Although the shape anisotropy of a femur would induce the angular dependence of
MR signal due to the macroscopic R2* caused by a bulky
susceptibility of a specimen, it should be less than the observed smaller
ΔR2* (0.55 kHz) because the shape and susceptibility of
both bone specimens is almost the same. Therefore, the influence of the shape
anisotropy does not jeopardize the tendency of the decrease in
ΔR2*. Our
results indicate that UTE signal reflects the properties of matrix of collagen
fibers in bone, and future MRI evaluation of bone strength
would be expected.Conclusions
The angular dependence of UTE signal from a normal mouse femur was firstly
observed. A decrease of this angular dependence for the femur from a knockout osteopetrotic
mouse due to the deterioration of collagen fiber orientation was indicated. The orientation of collagen fibers in bone
would be assessed by MRI.Acknowledgements
No acknowledgement found.References
1. Compston J. Bone Quality : What is it and how is it. Arq Bras
Endocrinol Metab. 2006; 50(4):579–585.
2. Schuit SCE, Van Der Klift M, Weel AEAM, et al. Fracture
incidence and association with bone mineral density in elderly men and women:
The Rotterdam Study. Bone. 2004; 34(1):195–202.

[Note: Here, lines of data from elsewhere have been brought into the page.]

lemma ratio_cong_zmultinom_uniform:
  fixes p k :: int
  assumes p: "prime p" and c: "1 \<le> c" "int c < p" and base: "const_mod (p ^ c) (block_poly p)"
    and "\<forall>x\<in>set ms. p ^ t dvd x" "p ^ t dvd k"
  shows "ratio_cong p (p ^ (c + 3 * t)) (zmultinom (map (\<lambda>x. p * x) ms) (p * k)) (zmultinom ms k)
    (multinom_sign p ms k)"
proof (rule ratio_cong_zmultinom[OF p c base])
  fix i assume "i < length ms"
  then show "\<exists>e1 e2 e3. c + 3 * t \<le> c + e1 + e2 + e3 \<and> p ^ e1 dvd multinom_top ms k i \<and>
      p ^ e2 dvd multinom_bot ms k i \<and> p ^ e3 dvd multinom_top ms k i - multinom_bot ms k i"
    using pow_dvd_multinom_entries[OF assms(5,6)] by (intro exI[of _ t]) auto
qed

lemma ratio_cong_zmultinom_short:
  fixes p k :: int
  assumes p: "prime p" and c: "1 \<le> c" "int c < p" and base: "const_mod (p ^ c) (block_poly p)"
    and "length ms \<le> 2" "\<forall>x\<in>set ms. p ^ R dvd x" "t \<le> R" "p ^ t dvd k"
  shows "ratio_cong p (p ^ (c + R + 2 * t)) (zmultinom (map (\<lambda>x. p * x) ms) (p * k)) (zmultinom ms k)
    (multinom_sign p ms k)"
proof (rule ratio_cong_zmultinom[OF p c base])
  fix i assume i: "i < length ms"
  have "\<forall>x\<in>set ms. p ^ t dvd x"
    using assms(6) le_imp_power_dvd[OF \<open>t \<le> R\<close>] dvd_trans by blast
  note entries = pow_dvd_multinom_entries[OF this \<open>p ^ t dvd k\<close> i]
  have "ms ! 0 \<in> set ms" using i by (intro nth_mem) auto
  then have "p ^ R dvd ms ! 0" using assms(6) by blast
  then consider "i = 0" "p ^ R dvd multinom_top ms k i"
    | "i = 1" "p ^ R dvd multinom_top ms k i - multinom_bot ms k i"
  proof -
    have "i = 0 \<or> i = 1" using i \<open>length ms \<le> 2\<close> by auto
    moreover have "sum_list (take 1 ms) = ms ! 0" using i by (cases ms) auto
    ultimately show ?thesis
      using that i \<open>p ^ R dvd ms ! 0\<close> multinom_top_minus_bot[of 1 ms k]
      by (auto simp: multinom_top_0)
  qed
  then show "\<exists>e1 e2 e3. c + R + 2 * t \<le> c + e1 + e2 + e3 \<and> p ^ e1 dvd multinom_top ms k i \<and>
      p ^ e2 dvd multinom_bot ms k i \<and> p ^ e3 dvd multinom_top ms k i - multinom_bot ms k i"
  proof cases
    case 1
    then show ?thesis using entries by (intro exI[of _ R] exI[of _ t]) auto
  next
    case 2
    then show ?thesis using entries by (intro exI[of _ t] exI[of _ t] exI[of _ R]) auto
  qed
qed

lemma A_lam_scaled_cong_odd:
  fixes p k :: int
  assumes p: "prime p" "odd p" and "length lam \<ge> 2" "\<forall>x\<in>set lam. x > 0"
    and "length ms = sum_list lam" "\<forall>x\<in>set ms. p ^ R dvd x"
    and block: "\<And>t j. t \<le> R \<Longrightarrow> p ^ t dvd k \<Longrightarrow> j < length lam \<Longrightarrow>
      ratio_cong p (p ^ E t) (zmultinom (map (\<lambda>x. p * x) (lam_block lam ms j)) (p * k))
        (zmultinom (lam_block lam ms j) k) (multinom_sign p (lam_block lam ms j) k)"
    and "\<And>t. t \<le> R \<Longrightarrow> T \<le> 2 * (R - t) + E t"
  shows "p ^ T dvd A_lam lam (map (\<lambda>x. p * x) ms) (p * k) - A_lam lam ms k"
proof -
  obtain t where t: "t \<le> R" "p ^ t dvd k" "t < R \<longrightarrow> \<not> p ^ Suc t dvd k"
    using exists_exact_pow_dvd by blast
  have "ratio_cong p (p ^ E t) (A_lam lam (map (\<lambda>x. p * x) ms) (p * k)) (A_lam lam ms k)
      (A_lam_sign p lam ms k)"
    using block t by (intro ratio_cong_A_lam p(1)) auto
  moreover have "A_lam_sign p lam ms k = 1"
    using \<open>odd p\<close> by (simp add: A_lam_sign_def multinom_sign_def binom_sign_def)
  ultimately show ?thesis
    using A_lam_scaled_cong[OF p(1) assms(3-6) t _ assms(8)[OF t(1)]] by simp
qed

lemma A_lam_cong_odd_prime:
  fixes p k :: int
  assumes p: "prime p" "odd p" and "length lam \<ge> 2" "\<forall>x\<in>set lam. x > 0"
    and len: "length ms = sum_list lam" and ms: "\<forall>x\<in>set ms. p ^ R dvd x"
  shows "p ^ (2 * Suc R) dvd A_lam lam (map (\<lambda>x. p * x) ms) (p * k) - A_lam lam ms k"
proof (rule A_lam_scaled_cong_odd[OF p assms(3-6), where E = "\<lambda>t. 2 + 3 * t"])
  fix t j assume "t \<le> R" "p ^ t dvd k" "j < length lam"
  have "int 2 < p" using p prime_ge_2_int[OF p(1)] by (cases "p = 2") auto
  moreover have "\<forall>x\<in>set ms. p ^ t dvd x"
    using ms le_imp_power_dvd[OF \<open>t \<le> R\<close>] dvd_trans by blast
  then have "\<forall>x\<in>set (lam_block lam ms j). p ^ t dvd x"
    by (rule ball_set_lam_block)
  ultimately show "ratio_cong p (p ^ (2 + 3 * t)) (zmultinom (map (\<lambda>x. p * x) (lam_block lam ms j)) (p * k))
      (zmultinom (lam_block lam ms j) k) (multinom_sign p (lam_block lam ms j) k)"
    using p const_mod_block_poly_odd \<open>p ^ t dvd k\<close> by (intro ratio_cong_zmultinom_uniform) auto
qed simp

lemma A_lam_cong_short_blocks:
  fixes p k :: int
  assumes p: "prime p" "p \<ge> 5" and "length lam \<ge> 2" "\<forall>x\<in>set lam. x > 0" "Max (set lam) \<le> 2"
    and len: "length ms = sum_list lam" and ms: "\<forall>x\<in>set ms. p ^ R dvd x"
  shows "p ^ (3 * Suc R) dvd A_lam lam (map (\<lambda>x. p * x) ms) (p * k) - A_lam lam ms k"
proof (rule A_lam_scaled_cong_odd[OF p(1) _ assms(3,4) len ms, where E = "\<lambda>t. 3 + R + 2 * t"])
  show "odd p" using p by (intro prime_odd_int) auto
  fix t j assume "t \<le> R" "p ^ t dvd k" "j < length lam"
  then have "lam ! j \<le> 2"
    using \<open>Max (set lam) \<le> 2\<close> by (metis List.finite_set Max_ge nth_mem order_trans)
  then have "length (lam_block lam ms j) \<le> 2"
    using length_lam_block[OF len \<open>j < length lam\<close>] by simp
  moreover have "\<forall>x\<in>set (lam_block lam ms j). p ^ R dvd x"
    using ms by (rule ball_set_lam_block)
  ultimately show "ratio_cong p (p ^ (3 + R + 2 * t)) (zmultinom (map (\<lambda>x. p * x) (lam_block lam ms j)) (p * k))
      (zmultinom (lam_block lam ms j) k) (multinom_sign p (lam_block lam ms j) k)"
    using p const_mod_block_poly_ge_5 \<open>t \<le> R\<close> \<open>p ^ t dvd k\<close>
    by (intro ratio_cong_zmultinom_short) auto
qed simp

section \<open>The prime 2\<close>

lemma two_power_dvd_one_of_three:
  fixes a b :: int
  assumes "2 ^ t dvd a" "2 ^ t dvd b"
  shows "2 ^ Suc t dvd a \<or> 2 ^ Suc t dvd b \<or> 2 ^ Suc t dvd a - b"
proof -
  obtain a' b' where ab: "a = 2 ^ t * a'" "b = 2 ^ t * b'"
    using assms by (auto elim!: dvdE)
  then have "a - b = 2 ^ t * (a' - b')" by (simp add: algebra_simps)
  moreover have "even a' \<or> even b' \<or> even (a' - b')" by auto
  ultimately show ?thesis
    using ab by (auto simp: mult_dvd_mono)
qed

lemma ratio_cong_zmultinom_two:
  fixes k :: int
  assumes "\<forall>x\<in>set ms. 2 ^ t dvd x" "2 ^ t dvd k"
  shows "ratio_cong 2 (2 ^ (2 + 3 * t)) (zmultinom (map (\<lambda>x. 2 * x) ms) (2 * k)) (zmultinom ms k)
    (multinom_sign 2 ms k)"
proof (rule ratio_cong_zmultinom[where c = 1])
  show "const_mod (2 ^ 1) (block_poly 2)" using const_mod_block_poly[of 2] by simp
  fix i assume "i < length ms"
  note entries = pow_dvd_multinom_entries[OF assms this]
  from two_power_dvd_one_of_three[OF entries(1,2)]
  show "\<exists>e1 e2 e3. 2 + 3 * t \<le> 1 + e1 + e2 + e3 \<and> (2::int) ^ e1 dvd multinom_top ms k i \<and>
      2 ^ e2 dvd multinom_bot ms k i \<and> 2 ^ e3 dvd multinom_top ms k i - multinom_bot ms k i"
  proof (elim disjE)
    assume "2 ^ Suc t dvd multinom_top ms k i"
    then show ?thesis using entries by (intro exI[of _ "Suc t"] exI[of _ t]) auto
  next
    assume "2 ^ Suc t dvd multinom_bot ms k i"
    then show ?thesis using entries by (intro exI[of _ t] exI[of _ "Suc t"] exI[of _ t]) auto
  next
    assume "2 ^ Suc t dvd multinom_top ms k i - multinom_bot ms k i"
    then show ?thesis using entries by (intro exI[of _ t] exI[of _ t] exI[of _ "Suc t"]) auto
  qed
qed simp_all

lemma even_zbinom_of_binom_sign:
  assumes "binom_sign 2 a b \<noteq> 1"
  shows "even (zbinom a b)"
proof -
  have "odd b" "even a" using assms by (auto simp: binom_sign_def split: if_splits)
  then have "even (b * zbinom a b)" by (simp add: zbinom_absorption)
  then show ?thesis using \<open>odd b\<close> by simp
qed

lemma binom_sign_two_even_block:
  assumes "\<forall>x\<in>set ms. even x" "odd k" "i < length ms"
  shows "binom_sign 2 (multinom_top ms k i) (multinom_bot ms k i) = (if even i then -1 else 1)"
proof -
  have "even (sum_list (take i ms))"
    using assms(1) by (intro dvd_sum_list) (auto dest: in_set_takeD)
  then have "odd (multinom_top ms k i - multinom_bot ms k i) \<longleftrightarrow> even i"
    using \<open>odd k\<close> by (simp add: multinom_top_minus_bot[OF assms(3)])
  moreover have "odd (multinom_bot ms k i)"
    using assms by (simp add: multinom_bot_def)
  ultimately show ?thesis
    by (simp add: binom_sign_def)
qed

3. Wei H, Dibb R, Decker K, et al. Investigating magnetic
susceptibility of human knee joint at 7 Tesla. Magn Reson Med.
2017;78(5):1933–1943.
4. Ishimoto T, Sato B, Lee J, et al. Co-deteriorations of
anisotropic extracellular matrix arrangement and intrinsic mechanical property
in c-src deficient osteopetrotic mouse femur. Bone. 2017;103: 216–223.